Therefore, we investigated the relationship between UA values and all-cause or CV mortality and the effects of medication for hyperuricemia in patients undergoing HD. We also considered interactions between clinical parameters and all-cause or CV mortality associated with UA or medication for high UA.
Material and methods
Design
This observational cohort study investigated associations between UA and all-cause or CV mortality, and the significance of treatment for hyperuricemia in patients on HD.
Study cohort
The Japanese Society for Dialysis Therapy (JSDT) has conducted annual nationwide surveys of dialysis facilities that address epidemiological background, treatments and the outcomes of dialysis. By the end of 2011, 304,856 patients were undergoing dialysis in Japan [14]. Data were obtained from the standard analysis file, JRDR-13108 with the permission of the Committee of the Renal Data Registry of the Japanese Society for Dialysis Therapy (JRDR). The study protocol was approved by the Medical Ethics Committee of the Japanese Society for Dialysis Therapy and proceeded in accordance with the Declaration of Helsinki (2013). We extracted baseline data from 222,434 patients (age, 67 ± 12 year; male, 63.0%; median dialysis duration, 65 months) who underwent three HD sessions weekly (excluded hemodiafiltration), and whose clinical data including laboratory findings and one-year outcomes were complete. From ethical aspect, all data were fully anonymized before we accessed them.
Measured parameters
Biochemical parameters including UA, serum albumin, creatinine (Cr), blood urea nitrogen (BUN), total cholesterol, HDL-cholesterol, serum calcium (Ca), serum phosphate, C-reactive protein (CRP) and hemoglobin were measured using standard laboratory techniques at each institution.

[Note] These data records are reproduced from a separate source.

lemma U_Suc_diff_le:
  assumes "i < x"
  shows "U (x + 1) - U x \<le> A / real x"
proof -
  have "U (x + 1) - U x = A * (ln (real (x + 1)) - ln (real x))"
    using assms by (simp add: U_def W_diff)
  also have "\<dots> \<le> A * (1 / real x)"
    using ln_Suc_minus_ln_le[of x] assms i_pos A_pos by (intro mult_left_mono) auto
  finally show ?thesis
    by simp
qed

lemma U_diff_le_below:
  assumes "x < i" "k \<in> {1..<x}"
  shows "U k - U x \<le> L * (real x - 1)"
proof -
  have "U k - U x = A * (ln (real k) - ln (real x)) + L * (real x - real k)"
    using assms by (simp add: U_def W_diff of_nat_diff)
  also have "\<dots> \<le> 0 + L * (real x - 1)"
    using assms(2) A_pos L_pos by (intro add_mono mult_left_mono) (auto simp: mult_le_0_iff)
  finally show ?thesis
    by simp
qed

lemma U_diff_le_above:
  assumes "i < x" "k \<in> {1..<x}"
  shows "U k - U x \<le> L * real i - (if k = i then B else 0)"
proof (cases "k = i")
  case True
  have "0 \<le> L * real i"
    using L_pos by simp
  then show ?thesis
    using True W_ge_B[of x] assms by (simp add: U_def)
next
  case False
  have "U k - U x = A * (ln (real k) - ln (real x)) + L * real (i - k)"
    using assms False by (simp add: U_def W_diff)
  also have "\<dots> \<le> 0 + L * real i"
    using assms(2) A_pos L_pos by (intro add_mono mult_left_mono) (auto simp: mult_le_0_iff)
  finally show ?thesis
    using False by simp
qed

lemma U_diff_le_above_N:
  assumes "N \<le> x" "k \<in> {1..<x}"
  shows "U k - U x \<le> A * (ln p - 1) + A / (p * real x) * real k"
proof -
  have "i < x" and x_pos: "0 < real x"
    using assms(1) i_less_N by auto
  have "U k - U x \<le> W k - W x"
    using U_le_W[of k] assms(2) \<open>i < x\<close> by (simp add: U_def)
  also have "\<dots> \<le> A * (ln p + real k / (p * real x) - 1)"
  proof (cases "i \<le> k")
    case True
    have "ln (real k / (p * real x)) \<le> real k / (p * real x) - 1"
      using assms(2) p_pos x_pos by (intro ln_le_minus_one) simp
    then have "ln (real k) - ln (real x) \<le> ln p + real k / (p * real x) - 1"
      using assms(2) p_pos x_pos by (simp add: ln_div ln_mult)
    then show ?thesis
      using True \<open>i < x\<close> A_pos by (simp add: W_diff mult_left_mono)
  next
    case False
    have "W k - W x = A * (ln (real k) - ln (real x)) + L * real (i - k)"
      using \<open>i < x\<close> by (simp add: W_diff)
    also have "\<dots> \<le> A * (ln (real i) - ln (real x)) + L * real i"
      using False assms(2) A_pos L_pos by (intro add_mono mult_left_mono) auto
    also have "\<dots> \<le> A * (ln p - 1)"
      using N_large_ln[OF assms(1)] by (simp add: algebra_simps)
    also have "\<dots> \<le> A * (ln p + real k / (p * real x) - 1)"
      using A_pos p_pos x_pos by (intro mult_left_mono) auto
    finally show ?thesis .
  qed
  finally show ?thesis
    by (simp add: algebra_simps)
qed
lemma row_period_constraint_mat:
  assumes i: "i < m * n - n"
  shows "row (period_constraint_mat m n) i =
    unit_vec (m * n) i - unit_vec (m * n) (m * n - n + i mod n)"
proof -
  define j where "j = m * n - n + i mod n"
  have "i mod n < n" using i by (cases n) auto
  then have "j \<noteq> i" using i unfolding j_def by linarith
  have entry: "period_constraint_mat m n $$ (i, k) = (if k = i then 1 else if k = j then -1 else 0)"
    if "k < m * n" for k
    using i that by (simp add: period_constraint_mat_def j_def)
  have "row (period_constraint_mat m n :: 'a mat) i = unit_vec (m * n) i - unit_vec (m * n) j"
  proof (rule eq_vecI)
    fix k assume "k < dim_vec (unit_vec (m * n) i - unit_vec (m * n) j :: 'a vec)"
    then have k: "k < m * n" by simp
    have "row (period_constraint_mat m n :: 'a mat) i $ k = period_constraint_mat m n $$ (i, k)"
      using i k by simp
    also have "\<dots> = (if k = i then 1 else if k = j then -1 else 0)" by (rule entry[OF k])
    also have "\<dots> = (unit_vec (m * n) i - unit_vec (m * n) j) $ k"
      using k \<open>j \<noteq> i\<close> by (simp add: unit_vec_def)
    finally show "row (period_constraint_mat m n :: 'a mat) i $ k =
      (unit_vec (m * n) i - unit_vec (m * n) j) $ k" .
  qed simp
  then show ?thesis unfolding j_def .
qed

lemma row_echelon_form_period_constraint_mat:
  "row_echelon_form (period_constraint_mat m n :: 'a :: field mat)"
  unfolding row_echelon_form_def
  by (intro exI[of _ "\<lambda>i. i"] pivot_funI) (auto simp: period_constraint_mat_def)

Information about all-cause and CV death were extracted from records at the end of 2012. CV death was defined as being caused by heart failure, pulmonary edema, acute myocardial infarction, arrhythmia, endocarditis, valvular disease, subarachnoid hemorrhage, cerebral hemorrhage, cerebral infarction and sudden death.
Statistical analysis
Data are presented as means ± SD or as medians with interquartile ranges (IQR). Values with P < 0.05 were considered significant. Male and female patients undergoing three HD sessions weekly were compared using Student t-tests, Wilcoxon rank sum tests or chi-square tests. Hazard ratios (HR) and 95% confidence intervals (CI) for all-cause and CV mortality rates among the patients undergoing HD were assessed using Cox regression analysis with the confounding factors of age, gender, HD duration, underlying disease, comorbid disease and laboratory findings (Table 1). A subgroup analyses of specified variables aimed to identify potential interactions affecting risk of mortality. The hazard ratios (HR) and 95% confidence interval (CI) for all-cause, cardiovascular mortality rates were assessed using Cox regression analysis with the confounding factors of all parameters we analyzed listed in Table 1. Data were statistically analyzed using JMP, version 10.0.2 for Windows (SAS Institute Inc., Cary, NC, USA) and STATA version 11.1 (STATA Corporation, College Station, TX, USA).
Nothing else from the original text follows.